* PROMPT
From the line below that contains "ultimately show ?thesis by (rule finite_subset[rotated])" to the line that contains "N Mc (nxt N", repeat every line exactly, both ends included, and nothing else.

Collected data entries
· · ·

(* Let $V$ be the value function defined in the context (the limit of relative value iteration). For any $\mathbf Q^1,\mathbf Q^2\in\mathcal Q$ with $\mathbf Q^2\succeq\mathbf Q^1$ (componentwise $\ge$), we have $V(\mathbf Q^2)\ge V(\mathbf Q^1)$.
   Context: Model. Let $N\ge 1$, $\mathcal N=\{0,1,\dots,N\}$ (base station $0$ is the macro base station, MBS) and $\mathcal N^+=\{1,\dots,N\}$ (small base stations, SBSs). Let $\mathcal M=\{1,\dots,M\}$ be the set of contents. For each $n\in\mathcal N$ let $\mathcal M_n\subseteq\mathcal M$ be the set of contents cached at BS $n$, with $\mathcal M_0=\mathcal M$; put $\tilde{\mathcal M}_n=\mathcal M_n\cup\{0\}$ and $\mathcal N_m=\{n\in\mathcal N^+: m\in\mathcal M_n\}$. Powers $p(n,m)\ge 0$ are given for $n\in\mathcal N$, $m\in\mathcal M_n$, and $p(n,0)=0$. A weight $w\ge 0$ is fixed. The feasible action space is $\mathcal U=\{\mathbf u=(u_n)_{n\in\mathcal N}: u_n\in\tilde{\mathcal M}_n\ \forall n,\ u_0\sum_{n\in\mathcal N^+}u_n=0\}$. A state is $\mathbf Q=(Q_{n,m})_{n\in\mathcal N,m\in\mathcal M_n}$ with $Q_{n,m}\in\mathcal Q_{n,m}=\{0,1,\dots,N_{n,m}\}$ for given positive integers $N_{n,m}$; $\mathcal Q=\prod_{n\in\mathcal N}\prod_{m\in\mathcal M_n}\mathcal Q_{n,m}$. Arrivals $A_{n,m}$ ($n\in\mathcal N$, $m\in\mathcal M$) are mutually independent nonnegative-integer random variables with fixed distributions, i.i.d. across time slots; $\tilde A_{0,m}=A_{0,m}+\sum_{n\in\mathcal N^+\setminus\mathcal N_m}A_{n,m}$. Given state $\mathbf Q$ and action $\mathbf u$, the next state $\mathbf Q'$ is $Q'_{0,m}=\min\{\mathbf 1(u_0\neq m)Q_{0,m}+\tilde A_{0,m},N_{0,m}\}$ for $m\in\mathcal M_0$ and $Q'_{n,m}=\min\{\mathbf 1(u_0\neq m\text{ and }u_n\neq m)Q_{n,m}+A_{n,m},N_{n,m}\}$ for $n\in\mathcal N^+$, $m\in\mathcal M_n$; $\mathbb E$ denotes expectation over the arrivals. The per-stage cost is $g(\mathbf Q,\mathbf u)=d(\mathbf Q)+w\,p(\mathbf u)$ with $d(\mathbf Q)=\sum_{n\in\mathcal N}\sum_{m\in\mathcal M_n}Q_{n,m}$ and $p(\mathbf u)=\sum_{n\in\mathcal N}p(n,u_n)$. Value function. Fix a reference state $\mathbf Q^\dagger\in\mathcal Q$. Relative value iteration: $V_0\equiv 0$, $J_{l+1}(\mathbf Q,\mathbf u)=g(\mathbf Q,\mathbf u)+\mathbb E[V_l(\mathbf Q')]$, and $V_{l+1}(\mathbf Q)=\min_{\mathbf u\in\mathcal U}J_{l+1}(\mathbf Q,\mathbf u)-\min_{\mathbf u\in\mathcal U}J_{l+1}(\mathbf Q^\dagger,\mathbf u)$ for $l\ge0$. It is assumed (standing assumption of the paper, guaranteed under its unichain conditions) that $V_l$ converges pointwise to a function $V:\mathcal Q\to\mathbb R$; this $V$ is the value function, which solves the Bellman equation $\theta+V(\mathbf Q)=\min_{\mathbf u\in\mathcal U}\{g(\mathbf Q,\mathbf u)+\mathbb E[V(\mathbf Q')]\}$ for all $\mathbf Q$. *)

theory Defs
  imports "HOL-Probability.Probability"
begin

text \<open>Base stations are 0..N (0 = MBS), contents are 1..M. Mc n is the cache set of BS n.
  Actions are functions u :: nat => nat (u n for n <= N; 0 = idle), states are
  functions Q :: nat => nat => nat (Q n m for n <= N, m in Mc n); outside the meaningful
  index range both are fixed to 0 so that the action and state spaces are finite.\<close>

definition Acts :: "nat \<Rightarrow> (nat \<Rightarrow> nat set) \<Rightarrow> (nat \<Rightarrow> nat) set" where
  "Acts N Mc = {u. (\<forall>n\<le>N. u n \<in> Mc n \<union> {0}) \<and> (\<forall>n>N. u n = 0)
                   \<and> u 0 * (\<Sum>n\<in>{1..N}. u n) = 0}"

definition States :: "nat \<Rightarrow> (nat \<Rightarrow> nat set) \<Rightarrow> (nat \<Rightarrow> nat \<Rightarrow> nat) \<Rightarrow> (nat \<Rightarrow> nat \<Rightarrow> nat) set" where
  "States N Mc Nb = {Q. (\<forall>n m. n \<le> N \<and> m \<in> Mc n \<longrightarrow> Q n m \<le> Nb n m)
                      \<and> (\<forall>n m. \<not> (n \<le> N \<and> m \<in> Mc n) \<longrightarrow> Q n m = 0)}"

definition arrivals :: "nat \<Rightarrow> nat \<Rightarrow> (nat \<Rightarrow> nat \<Rightarrow> nat pmf) \<Rightarrow> (nat \<times> nat \<Rightarrow> nat) pmf" where
  "arrivals N M Adist = Pi_pmf ({0..N} \<times> {1..M}) 0 (\<lambda>(n, m). Adist n m)"

definition Atil :: "nat \<Rightarrow> (nat \<Rightarrow> nat set) \<Rightarrow> (nat \<times> nat \<Rightarrow> nat) \<Rightarrow> nat \<Rightarrow> nat" where
  "Atil N Mc A m = A (0, m) + (\<Sum>n\<in>{n\<in>{1..N}. m \<notin> Mc n}. A (n, m))"

definition nxt :: "nat \<Rightarrow> (nat \<Rightarrow> nat set) \<Rightarrow> (nat \<Rightarrow> nat \<Rightarrow> nat) \<Rightarrow> (nat \<Rightarrow> nat \<Rightarrow> nat)
                   \<Rightarrow> (nat \<Rightarrow> nat) \<Rightarrow> (nat \<times> nat \<Rightarrow> nat) \<Rightarrow> (nat \<Rightarrow> nat \<Rightarrow> nat)" where
  "nxt N Mc Nb Q u A = (\<lambda>n m.
     if n = 0 \<and> m \<in> Mc 0 then min ((if u 0 \<noteq> m then Q 0 m else 0) + Atil N Mc A m) (Nb 0 m)
     else if 1 \<le> n \<and> n \<le> N \<and> m \<in> Mc n then
       min ((if u 0 \<noteq> m \<and> u n \<noteq> m then Q n m else 0) + A (n, m)) (Nb n m)
     else 0)"

definition dcost :: "nat \<Rightarrow> (nat \<Rightarrow> nat set) \<Rightarrow> (nat \<Rightarrow> nat \<Rightarrow> nat) \<Rightarrow> real" where
  "dcost N Mc Q = real (\<Sum>n\<le>N. \<Sum>m\<in>Mc n. Q n m)"

definition pcost :: "nat \<Rightarrow> (nat \<Rightarrow> nat \<Rightarrow> real) \<Rightarrow> (nat \<Rightarrow> nat) \<Rightarrow> real" where
  "pcost N p u = (\<Sum>n\<le>N. p n (u n))"

definition stage_cost :: "nat \<Rightarrow> (nat \<Rightarrow> nat set) \<Rightarrow> (nat \<Rightarrow> nat \<Rightarrow> real) \<Rightarrow> real
                          \<Rightarrow> (nat \<Rightarrow> nat \<Rightarrow> nat) \<Rightarrow> (nat \<Rightarrow> nat) \<Rightarrow> real" where
  "stage_cost N Mc p w Q u = dcost N Mc Q + w * pcost N p u"

primrec rvi :: "nat \<Rightarrow> nat \<Rightarrow> (nat \<Rightarrow> nat set) \<Rightarrow> (nat \<Rightarrow> nat \<Rightarrow> nat) \<Rightarrow> (nat \<Rightarrow> nat \<Rightarrow> nat pmf)
                \<Rightarrow> (nat \<Rightarrow> nat \<Rightarrow> real) \<Rightarrow> real \<Rightarrow> (nat \<Rightarrow> nat \<Rightarrow> nat) \<Rightarrow> nat
                \<Rightarrow> (nat \<Rightarrow> nat \<Rightarrow> nat) \<Rightarrow> real" where
  "rvi N M Mc Nb Adist p w Qd 0 = (\<lambda>Q. 0)"
| "rvi N M Mc Nb Adist p w Qd (Suc l) =
     (let J = (\<lambda>Q u. stage_cost N Mc p w Q u
                 + measure_pmf.expectation (arrivals N M Adist)
                     (\<lambda>A. rvi N M Mc Nb Adist p w Qd l (nxt N Mc Nb Q u A)))
      in (\<lambda>Q. Min (J Q ` Acts N Mc) - Min (J Qd ` Acts N Mc)))"

end

theory Submission
  imports Defs
begin

text \<open>Each relative value iterate is monotone in the state, by induction on the iteration:
  for a fixed action the stage cost is monotone in the queue lengths, and with the same
  arrivals the successor state is monotone as well, since serving a queue empties it in both
  states and buffer truncation is monotone. Taking expectations and then the minimum over the
  common finite action set preserves the order, and so does the limit.\<close>

definition state_le :: "nat \<Rightarrow> (nat \<Rightarrow> nat set) \<Rightarrow> (nat \<Rightarrow> nat \<Rightarrow> nat) \<Rightarrow> (nat \<Rightarrow> nat \<Rightarrow> nat) \<Rightarrow> bool"
  where "state_le N Mc Q1 Q2 \<longleftrightarrow> (\<forall>n\<le>N. \<forall>m\<in>Mc n. Q1 n m \<le> Q2 n m)"

lemma Min_image_mono:
  fixes f g :: "'a \<Rightarrow> 'b::linorder"
  assumes "finite A" "A \<noteq> {}" "\<And>x. x \<in> A \<Longrightarrow> f x \<le> g x"
  shows "Min (f ` A) \<le> Min (g ` A)"
proof -
  have "Min (g ` A) \<in> g ` A" using assms(1,2) by (intro Min_in) auto
  then obtain x where x: "x \<in> A" "Min (g ` A) = g x" by blast
  have "Min (f ` A) \<le> f x" using assms(1) x(1) by simp
  also have "\<dots> \<le> g x" using assms(3) x(1) .
  finally show ?thesis using x(2) by simp
qed

lemma integrable_pmf_comp_finite_range:
  fixes f :: "'b \<Rightarrow> real"
  assumes "finite S" "\<And>x. g x \<in> S"
  shows "integrable (measure_pmf P) (\<lambda>x. f (g x))"
proof (rule measure_pmf.integrable_const_bound[where B = "\<Sum>s\<in>S. \<bar>f s\<bar>"])
  have "\<bar>f (g x)\<bar> \<le> (\<Sum>s\<in>S. \<bar>f s\<bar>)" for x
    using member_le_sum[OF assms(2) _ assms(1), where f = "\<lambda>s. \<bar>f s\<bar>"] by simp
  then show "AE x in measure_pmf P. norm (f (g x)) \<le> (\<Sum>s\<in>S. \<bar>f s\<bar>)" by simp
qed simp

lemma finite_States:
  assumes "\<forall>n\<le>N. finite (Mc n)"
  shows "finite (States N Mc Nb)"
proof -
  define C where "C = (\<Union>n\<le>N. Mc n)"
  define K where "K = (\<Sum>(n, m)\<in>(SIGMA n:{..N}. Mc n). Nb n m)"
  define F where "F = {f. \<forall>m. (m \<in> C \<longrightarrow> f m \<in> {..K}) \<and> (m \<notin> C \<longrightarrow> f m = 0)}"
  have fin_Sigma: "finite (SIGMA n:{..N}. Mc n)" using assms by auto
  have "finite C" unfolding C_def using assms by auto
  then have "finite F" unfolding F_def by (intro finite_set_of_finite_funs) auto
  then have "finite {Q. \<forall>n. (n \<in> {..N} \<longrightarrow> Q n \<in> F) \<and> (n \<notin> {..N} \<longrightarrow> Q n = (\<lambda>_. 0))}"
    by (intro finite_set_of_finite_funs) auto
  moreover have "States N Mc Nb \<subseteq> {Q. \<forall>n. (n \<in> {..N} \<longrightarrow> Q n \<in> F) \<and> (n \<notin> {..N} \<longrightarrow> Q n = (\<lambda>_. 0))}"
  proof (intro subsetI CollectI allI conjI impI)
    fix Q n assume Q: "Q \<in> States N Mc Nb"
    show "Q n = (\<lambda>_. 0)" if "n \<notin> {..N}" using Q that unfolding States_def by auto
    assume "n \<in> {..N}"
    have "Q n m \<le> K" if "m \<in> Mc n" for m
    proof -
      have "Q n m \<le> Nb n m" using Q that \<open>n \<in> {..N}\<close> unfolding States_def by auto
      also have "\<dots> \<le> K"
        unfolding K_def using member_le_sum[of "(n, m)" _ "\<lambda>(n, m). Nb n m"] fin_Sigma that \<open>n \<in> {..N}\<close>
        by auto
      finally show ?thesis .
    qed
    then show "Q n \<in> F" using Q \<open>n \<in> {..N}\<close> unfolding F_def C_def States_def by fastforce
  qed
  ultimately show ?thesis by (rule finite_subset[rotated])
qed

lemma finite_Acts:
  assumes "\<forall>n\<le>N. Mc n \<subseteq> {1..M}"
  shows "finite (Acts N Mc)"
proof -
  have "Acts N Mc \<subseteq> {u. \<forall>n. (n \<in> {..N} \<longrightarrow> u n \<in> {..M}) \<and> (n \<notin> {..N} \<longrightarrow> u n = 0)}"
  proof (intro subsetI CollectI allI conjI impI)
    fix u n assume u: "u \<in> Acts N Mc"
    show "u n = 0" if "n \<notin> {..N}" using u that unfolding Acts_def by simp
    assume "n \<in> {..N}"
    then have "u n \<in> Mc n \<union> {0}" and "Mc n \<subseteq> {1..M}" using u assms unfolding Acts_def by auto
    then show "u n \<in> {..M}" by auto
  qed
  moreover have "finite {u. \<forall>n. (n \<in> {..N} \<longrightarrow> u n \<in> {..M}) \<and> (n \<notin> {..N} \<longrightarrow> u n = (0::nat))}"
    by (intro finite_set_of_finite_funs) auto
  ultimately show ?thesis by (rule finite_subset)
qed

lemma Acts_nonempty: "Acts N Mc \<noteq> {}"
proof -
  have "(\<lambda>_. 0) \<in> Acts N Mc" unfolding Acts_def by auto
  then show ?thesis by blast
qed

lemma nxt_in_States: "nxt N Mc Nb Q u A \<in> States N Mc Nb"
  unfolding States_def nxt_def by auto

lemma nxt_mono:
  assumes "state_le N Mc Q1 Q2"
  shows "state_le N Mc (nxt N Mc Nb Q1 u A) (nxt N Mc Nb Q2 u A)"
  unfolding state_le_def
proof (intro allI impI ballI)
  fix n m assume "n \<le> N" and "m \<in> Mc n"
  then have "Q1 n m \<le> Q2 n m" using assms unfolding state_le_def by blast
  then show "nxt N Mc Nb Q1 u A n m \<le> nxt N Mc Nb Q2 u A n m"
    using \<open>n \<le> N\<close> \<open>m \<in> Mc n\<close> unfolding nxt_def by (cases "n = 0") (simp_all add: min_def)
qed

lemma stage_cost_mono:
  assumes "state_le N Mc Q1 Q2"
  shows "stage_cost N Mc p w Q1 u \<le> stage_cost N Mc p w Q2 u"
proof -
  have "(\<Sum>n\<le>N. \<Sum>m\<in>Mc n. Q1 n m) \<le> (\<Sum>n\<le>N. \<Sum>m\<in>Mc n. Q2 n m)"
    using assms unfolding state_le_def by (intro sum_mono) auto
  then have "dcost N Mc Q1 \<le> dcost N Mc Q2" unfolding dcost_def by (simp only: of_nat_le_iff)
  then show ?thesis unfolding stage_cost_def by simp
qed

lemma rvi_mono:
  assumes "\<forall>n\<le>N. Mc n \<subseteq> {1..M}"
    and "Q1 \<in> States N Mc Nb" "Q2 \<in> States N Mc Nb" "state_le N Mc Q1 Q2"
  shows "rvi N M Mc Nb Adist p w Qd l Q1 \<le> rvi N M Mc Nb Adist p w Qd l Q2"
  using assms(2-4)
proof (induction l arbitrary: Q1 Q2)
  case 0
  then show ?case by simp
next
  case (Suc l)
  let ?P = "measure_pmf (arrivals N M Adist)"
  let ?r = "rvi N M Mc Nb Adist p w Qd l"
  define J where "J = (\<lambda>Q u. stage_cost N Mc p w Q u
                 + measure_pmf.expectation (arrivals N M Adist) (\<lambda>A. ?r (nxt N Mc Nb Q u A)))"
  have fin_States: "finite (States N Mc Nb)"
    using assms(1) by (intro finite_States) (meson finite_atLeastAtMost finite_subset)
  have "J Q1 u \<le> J Q2 u" for u
  proof -
    have "stage_cost N Mc p w Q1 u \<le> stage_cost N Mc p w Q2 u"
      using Suc.prems(3) by (rule stage_cost_mono)
    moreover have "integral\<^sup>L ?P (\<lambda>A. ?r (nxt N Mc Nb Q1 u A)) \<le> integral\<^sup>L ?P (\<lambda>A. ?r (nxt N Mc Nb Q2 u A))"
      using fin_States Suc.IH[OF nxt_in_States nxt_in_States nxt_mono[OF Suc.prems(3)]]
      by (intro integral_mono integrable_pmf_comp_finite_range[OF _ nxt_in_States])
    ultimately show ?thesis unfolding J_def by simp
  qed
  then have "Min (J Q1 ` Acts N Mc) \<le> Min (J Q2 ` Acts N Mc)"
    using finite_Acts[OF assms(1)] Acts_nonempty by (intro Min_image_mono)
  then show ?case by (simp add: J_def Let_def)
qed

theorem lemma2:
  fixes N M :: nat and Mc :: "nat \<Rightarrow> nat set" and Nb :: "nat \<Rightarrow> nat \<Rightarrow> nat"
    and Adist :: "nat \<Rightarrow> nat \<Rightarrow> nat pmf" and p :: "nat \<Rightarrow> nat \<Rightarrow> real" and w :: real
    and Qd :: "nat \<Rightarrow> nat \<Rightarrow> nat" and V :: "(nat \<Rightarrow> nat \<Rightarrow> nat) \<Rightarrow> real"
    and Q1 Q2 :: "nat \<Rightarrow> nat \<Rightarrow> nat"
  assumes "N \<ge> 1"
    and "Mc 0 = {1..M}"
    and "\<forall>n\<le>N. Mc n \<subseteq> {1..M}"
    and "\<forall>n\<le>N. \<forall>m\<in>Mc n. Nb n m > 0"
    and "\<forall>n\<le>N. \<forall>m\<in>Mc n. p n m \<ge> 0"
    and "\<forall>n\<le>N. p n 0 = 0"
    and "w \<ge> 0"
    and "Qd \<in> States N Mc Nb"
    and "\<forall>Q\<in>States N Mc Nb. (\<lambda>l. rvi N M Mc Nb Adist p w Qd l Q) \<longlonglongrightarrow> V Q"
    and "Q1 \<in> States N Mc Nb" and "Q2 \<in> States N Mc Nb"
    and "\<forall>n\<le>N. \<forall>m\<in>Mc n. Q1 n m \<le> Q2 n m"
  shows "V Q2 \<ge> V Q1"
proof (rule LIMSEQ_le)
  show "(\<lambda>l. rvi N M Mc Nb Adist p w Qd l Q1) \<longlonglongrightarrow> V Q1" using assms(9,10) by blast
  show "(\<lambda>l. rvi N M Mc Nb Adist p w Qd l Q2) \<longlonglongrightarrow> V Q2" using assms(9,11) by blast
  have "state_le N Mc Q1 Q2" using assms(12) unfolding state_le_def .
  then show "\<exists>l0. \<forall>l\<ge>l0. rvi N M Mc Nb Adist p w Qd l Q1 \<le> rvi N M Mc Nb Adist p w Qd l Q2"
    using rvi_mono[OF assms(3,10,11)] by blast
qed

end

· · ·

* WORKED SOLUTION
  ultimately show ?thesis by (rule finite_subset[rotated])
qed

lemma finite_Acts:
  assumes "\<forall>n\<le>N. Mc n \<subseteq> {1..M}"
  shows "finite (Acts N Mc)"
proof -
  have "Acts N Mc \<subseteq> {u. \<forall>n. (n \<in> {..N} \<longrightarrow> u n \<in> {..M}) \<and> (n \<notin> {..N} \<longrightarrow> u n = 0)}"
  proof (intro subsetI CollectI allI conjI impI)
    fix u n assume u: "u \<in> Acts N Mc"
    show "u n = 0" if "n \<notin> {..N}" using u that unfolding Acts_def by simp
    assume "n \<in> {..N}"
    then have "u n \<in> Mc n \<union> {0}" and "Mc n \<subseteq> {1..M}" using u assms unfolding Acts_def by auto
    then show "u n \<in> {..M}" by auto
  qed
  moreover have "finite {u. \<forall>n. (n \<in> {..N} \<longrightarrow> u n \<in> {..M}) \<and> (n \<notin> {..N} \<longrightarrow> u n = (0::nat))}"
    by (intro finite_set_of_finite_funs) auto
  ultimately show ?thesis by (rule finite_subset)
qed

lemma Acts_nonempty: "Acts N Mc \<noteq> {}"
proof -
  have "(\<lambda>_. 0) \<in> Acts N Mc" unfolding Acts_def by auto
  then show ?thesis by blast
qed

lemma nxt_in_States: "nxt N Mc Nb Q u A \<in> States N Mc Nb"
  unfolding States_def nxt_def by auto

lemma nxt_mono:
  assumes "state_le N Mc Q1 Q2"
  shows "state_le N Mc (nxt N Mc Nb Q1 u A) (nxt N Mc Nb Q2 u A)"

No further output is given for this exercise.